● **TASK PROMPT**: Please print each record exactly, omitting none of them.

Stored records:
lemma edge_max_tendsto_at_top:
  fixes U V :: "real \<Rightarrow> real \<Rightarrow> real"
  assumes "p > 1" "lam < pi^2"
    and sol: "\<And>h. h \<in> {0..<1} \<Longrightarrow> classical_positive_solution p lam (a_coef h) (U h) (V h)"
  shows "filterlim (\<lambda>h. edge_max (U h) h) at_top (at_left 1)"
proof -
  define M where "M h = edge_max (U h) h" for h
  obtain C where C: "\<And>t. t \<in> {0..1} \<Longrightarrow> \<bar>osc_cos lam t\<bar> \<le> C"
    using osc_abs_bounds by metis
  obtain s where s: "s > 0" "\<And>t. t \<in> {1/2..1} \<Longrightarrow> s \<le> osc_sin lam t"
    using osc_sin_lower_bound[OF \<open>lam < pi^2\<close>, of "1/2"] by auto
  define K where "K = ((1 + C) / s)^2 + 2 * \<bar>lam\<bar>"
  define c where "c = 2 / (p + 1)"
  have "c > 0" using \<open>p > 1\<close> by (simp add: c_def)
  have near_1: "\<forall>\<^sub>F h in at_left (1::real). h \<in> {1/2<..<1}"
    by (rule eventually_at_left_real) simp
  have "\<forall>\<^sub>F h in at_left 1. (4 / (1 - h)^2 - K) / c \<le> M h powr (p - 1)"
    using near_1
  proof eventually_elim
    case (elim h)
    then have "1 \<le> ((1 - h) / 2)^2 * K + ((1 - h) / 2)^2 * c * M h powr (p - 1)"
      using boundary_estimate[of p h lam "U h" "V h" C s] sol[of h] C[of h] s \<open>p > 1\<close>
      unfolding K_def c_def M_def by auto
    then show ?case using elim \<open>c > 0\<close> by (simp add: field_simps power_divide)
  qed
  moreover have "filterlim (\<lambda>h. (4 / (1 - h)^2 - K) / c) at_top (at_left 1)"
    using \<open>c > 0\<close> by real_asymp
  ultimately have "filterlim (\<lambda>h. M h powr (p - 1)) at_top (at_left 1)"
    by (rule filterlim_at_top_mono[rotated])
  then have "filterlim (\<lambda>h. (M h powr (p - 1)) powr (1 / (p - 1))) at_top (at_left 1)"
    using real_powr_at_top[of "1 / (p - 1)"] \<open>p > 1\<close> filterlim_compose by auto
  moreover have "\<forall>\<^sub>F h in at_left 1. (M h powr (p - 1)) powr (1 / (p - 1)) = M h"
    using near_1
  proof eventually_elim
    case (elim h)
    then have "M h > 0"
      using sol[of h] by (auto simp: M_def edge_max_def classical_positive_solution_def less_max_iff_disj)
    then show ?case using \<open>p > 1\<close> by (simp add: powr_powr)
  qed
  ultimately show ?thesis unfolding M_def by (simp add: filterlim_cong)
qed

lemma interior_value_ge_edge_max:
  fixes U V :: "real \<Rightarrow> real \<Rightarrow> real"
  assumes "lam < pi^2" and x: "x \<in> {0<..<1}"
    and sol: "\<And>h. h \<in> {0..<1} \<Longrightarrow> classical_positive_solution p lam (a_coef h) (U h) (V h)"
  obtains \<kappa> where "\<kappa> > 0" "\<forall>\<^sub>F h in at_left 1. \<kappa> * edge_max (U h) h \<le> U h x"
proof -
  define \<eta> where "\<eta> = min x (1 - x) / 2"
  have \<eta>: "0 < \<eta>" "\<eta> \<le> x / 2" "\<eta> \<le> (1 - x) / 2" using x by (auto simp: \<eta>_def)
  obtain s where s: "s > 0" "\<And>t. t \<in> {\<eta>..1} \<Longrightarrow> s \<le> osc_sin lam t"
    using osc_sin_lower_bound[OF \<open>lam < pi^2\<close> \<open>0 < \<eta>\<close>] \<eta> x by auto
  obtain S where S: "\<And>t. t \<in> {0..1} \<Longrightarrow> \<bar>osc_sin lam t\<bar> \<le> S"
    using osc_abs_bounds by metis
  have "S > 0" using S[of 1] osc_sin_pos[OF \<open>lam < pi^2\<close>, of 1] by simp
  have "\<forall>\<^sub>F h in at_left 1. h \<in> {1 - 2 * \<eta><..<1}"
    using \<eta> by (intro eventually_at_left_real) auto
  then have "\<forall>\<^sub>F h in at_left 1. s / S * edge_max (U h) h \<le> U h x"
  proof eventually_elim
    case (elim h)
    define d where "d = (1 - h) / 2"
    have h: "h \<in> {0<..<1}" and "0 < d" "d \<le> \<eta>" and right_end: "(1 + h) / 2 = 1 - d"
      using elim \<eta> x by (auto simp: d_def field_simps)
    have sol_h: "classical_positive_solution p lam (a_coef h) (U h) (V h)" using sol h by auto
    then have pos: "\<And>y. y \<in> {0<..<1} \<Longrightarrow> U h y > 0"
      by (simp add: classical_positive_solution_def)
    have "0 < U h d" "0 < U h (1 - d)" using pos \<eta> \<open>d \<le> \<eta>\<close> h by (auto simp: d_def)
    moreover have "s \<le> osc_sin lam (1 - d - x)" "s \<le> osc_sin lam (x - d)"
      using s(2) \<eta> \<open>0 < d\<close> \<open>d \<le> \<eta>\<close> by auto
    ultimately have "s * U h d \<le> U h d * osc_sin lam (1 - d - x)"
      and "s * U h (1 - d) \<le> U h (1 - d) * osc_sin lam (x - d)"
      and "s * max (U h d) (U h (1 - d)) \<le> s * U h d + s * U h (1 - d)"
      using \<open>s > 0\<close> by (simp_all add: mult.commute mult_left_mono max_def)
    then have "s * max (U h d) (U h (1 - d))
        \<le> U h d * osc_sin lam (1 - d - x) + U h (1 - d) * osc_sin lam (x - d)" by linarith
    also have "\<dots> = U h x * osc_sin lam h"
      using middle_segment_values(2)[OF sol_h h, of x] \<eta> \<open>d \<le> \<eta>\<close>
      unfolding d_def[symmetric] right_end by simp
    also have "\<dots> \<le> U h x * S"
      using S[of h] pos[OF x] h by (intro mult_left_mono) auto
    finally have "s * max (U h d) (U h (1 - d)) \<le> U h x * S" .
    then show ?case
      using \<open>S > 0\<close> unfolding edge_max_def right_end d_def by (simp add: field_simps)
  qed
  then show ?thesis using that[of "s / S"] \<open>s > 0\<close> \<open>S > 0\<close> by simp
qed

● **RESPONSE AREA**:
lemma edge_max_tendsto_at_top:
  fixes U V :: "real \<Rightarrow> real \<Rightarrow> real"
  assumes "p > 1" "lam < pi^2"
    and sol: "\<And>h. h \<in> {0..<1} \<Longrightarrow> classical_positive_solution p lam (a_coef h) (U h) (V h)"
  shows "filterlim (\<lambda>h. edge_max (U h) h) at_top (at_left 1)"
proof -
  define M where "M h = edge_max (U h) h" for h
  obtain C where C: "\<And>t. t \<in> {0..1} \<Longrightarrow> \<bar>osc_cos lam t\<bar> \<le> C"
    using osc_abs_bounds by metis
  obtain s where s: "s > 0" "\<And>t. t \<in> {1/2..1} \<Longrightarrow> s \<le> osc_sin lam t"
    using osc_sin_lower_bound[OF \<open>lam < pi^2\<close>, of "1/2"] by auto
  define K where "K = ((1 + C) / s)^2 + 2 * \<bar>lam\<bar>"
  define c where "c = 2 / (p + 1)"
  have "c > 0" using \<open>p > 1\<close> by (simp add: c_def)
  have near_1: "\<forall>\<^sub>F h in at_left (1::real). h \<in> {1/2<..<1}"
    by (rule eventually_at_left_real) simp
  have "\<forall>\<^sub>F h in at_left 1. (4 / (1 - h)^2 - K) / c \<le> M h powr (p - 1)"
    using near_1
  proof eventually_elim
    case (elim h)
    then have "1 \<le> ((1 - h) / 2)^2 * K + ((1 - h) / 2)^2 * c * M h powr (p - 1)"
      using boundary_estimate[of p h lam "U h" "V h" C s] sol[of h] C[of h] s \<open>p > 1\<close>
      unfolding K_def c_def M_def by auto
    then show ?case using elim \<open>c > 0\<close> by (simp add: field_simps power_divide)
  qed
  moreover have "filterlim (\<lambda>h. (4 / (1 - h)^2 - K) / c) at_top (at_left 1)"
    using \<open>c > 0\<close> by real_asymp
  ultimately have "filterlim (\<lambda>h. M h powr (p - 1)) at_top (at_left 1)"
    by (rule filterlim_at_top_mono[rotated])
  then have "filterlim (\<lambda>h. (M h powr (p - 1)) powr (1 / (p - 1))) at_top (at_left 1)"
    using real_powr_at_top[of "1 / (p - 1)"] \<open>p > 1\<close> filterlim_compose by auto
  moreover have "\<forall>\<^sub>F h in at_left 1. (M h powr (p - 1)) powr (1 / (p - 1)) = M h"
    using near_1
  proof eventually_elim
    case (elim h)
    then have "M h > 0"
      using sol[of h] by (auto simp: M_def edge_max_def classical_positive_solution_def less_max_iff_disj)
    then show ?case using \<open>p > 1\<close> by (simp add: powr_powr)
  qed
  ultimately show ?thesis unfolding M_def by (simp add: filterlim_cong)
qed

lemma interior_value_ge_edge_max:
  fixes U V :: "real \<Rightarrow> real \<Rightarrow> real"
  assumes "lam < pi^2" and x: "x \<in> {0<..<1}"
    and sol: "\<And>h. h \<in> {0..<1} \<Longrightarrow> classical_positive_solution p lam (a_coef h) (U h) (V h)"
  obtains \<kappa> where "\<kappa> > 0" "\<forall>\<^sub>F h in at_left 1. \<kappa> * edge_max (U h) h \<le> U h x"
proof -
  define \<eta> where "\<eta> = min x (1 - x) / 2"
  have \<eta>: "0 < \<eta>" "\<eta> \<le> x / 2" "\<eta> \<le> (1 - x) / 2" using x by (auto simp: \<eta>_def)
  obtain s where s: "s > 0" "\<And>t. t \<in> {\<eta>..1} \<Longrightarrow> s \<le> osc_sin lam t"
    using osc_sin_lower_bound[OF \<open>lam < pi^2\<close> \<open>0 < \<eta>\<close>] \<eta> x by auto
  obtain S where S: "\<And>t. t \<in> {0..1} \<Longrightarrow> \<bar>osc_sin lam t\<bar> \<le> S"
    using osc_abs_bounds by metis
  have "S > 0" using S[of 1] osc_sin_pos[OF \<open>lam < pi^2\<close>, of 1] by simp
  have "\<forall>\<^sub>F h in at_left 1. h \<in> {1 - 2 * \<eta><..<1}"
    using \<eta> by (intro eventually_at_left_real) auto
  then have "\<forall>\<^sub>F h in at_left 1. s / S * edge_max (U h) h \<le> U h x"
  proof eventually_elim
    case (elim h)
    define d where "d = (1 - h) / 2"
    have h: "h \<in> {0<..<1}" and "0 < d" "d \<le> \<eta>" and right_end: "(1 + h) / 2 = 1 - d"
      using elim \<eta> x by (auto simp: d_def field_simps)
    have sol_h: "classical_positive_solution p lam (a_coef h) (U h) (V h)" using sol h by auto
    then have pos: "\<And>y. y \<in> {0<..<1} \<Longrightarrow> U h y > 0"
      by (simp add: classical_positive_solution_def)
    have "0 < U h d" "0 < U h (1 - d)" using pos \<eta> \<open>d \<le> \<eta>\<close> h by (auto simp: d_def)
    moreover have "s \<le> osc_sin lam (1 - d - x)" "s \<le> osc_sin lam (x - d)"
      using s(2) \<eta> \<open>0 < d\<close> \<open>d \<le> \<eta>\<close> by auto
    ultimately have "s * U h d \<le> U h d * osc_sin lam (1 - d - x)"
      and "s * U h (1 - d) \<le> U h (1 - d) * osc_sin lam (x - d)"
      and "s * max (U h d) (U h (1 - d)) \<le> s * U h d + s * U h (1 - d)"
      using \<open>s > 0\<close> by (simp_all add: mult.commute mult_left_mono max_def)
    then have "s * max (U h d) (U h (1 - d))
        \<le> U h d * osc_sin lam (1 - d - x) + U h (1 - d) * osc_sin lam (x - d)" by linarith
    also have "\<dots> = U h x * osc_sin lam h"
      using middle_segment_values(2)[OF sol_h h, of x] \<eta> \<open>d \<le> \<eta>\<close>
      unfolding d_def[symmetric] right_end by simp
    also have "\<dots> \<le> U h x * S"
      using S[of h] pos[OF x] h by (intro mult_left_mono) auto
    finally have "s * max (U h d) (U h (1 - d)) \<le> U h x * S" .
    then show ?case
      using \<open>S > 0\<close> unfolding edge_max_def right_end d_def by (simp add: field_simps)
  qed
  then show ?thesis using that[of "s / S"] \<open>s > 0\<close> \<open>S > 0\<close> by simp
qed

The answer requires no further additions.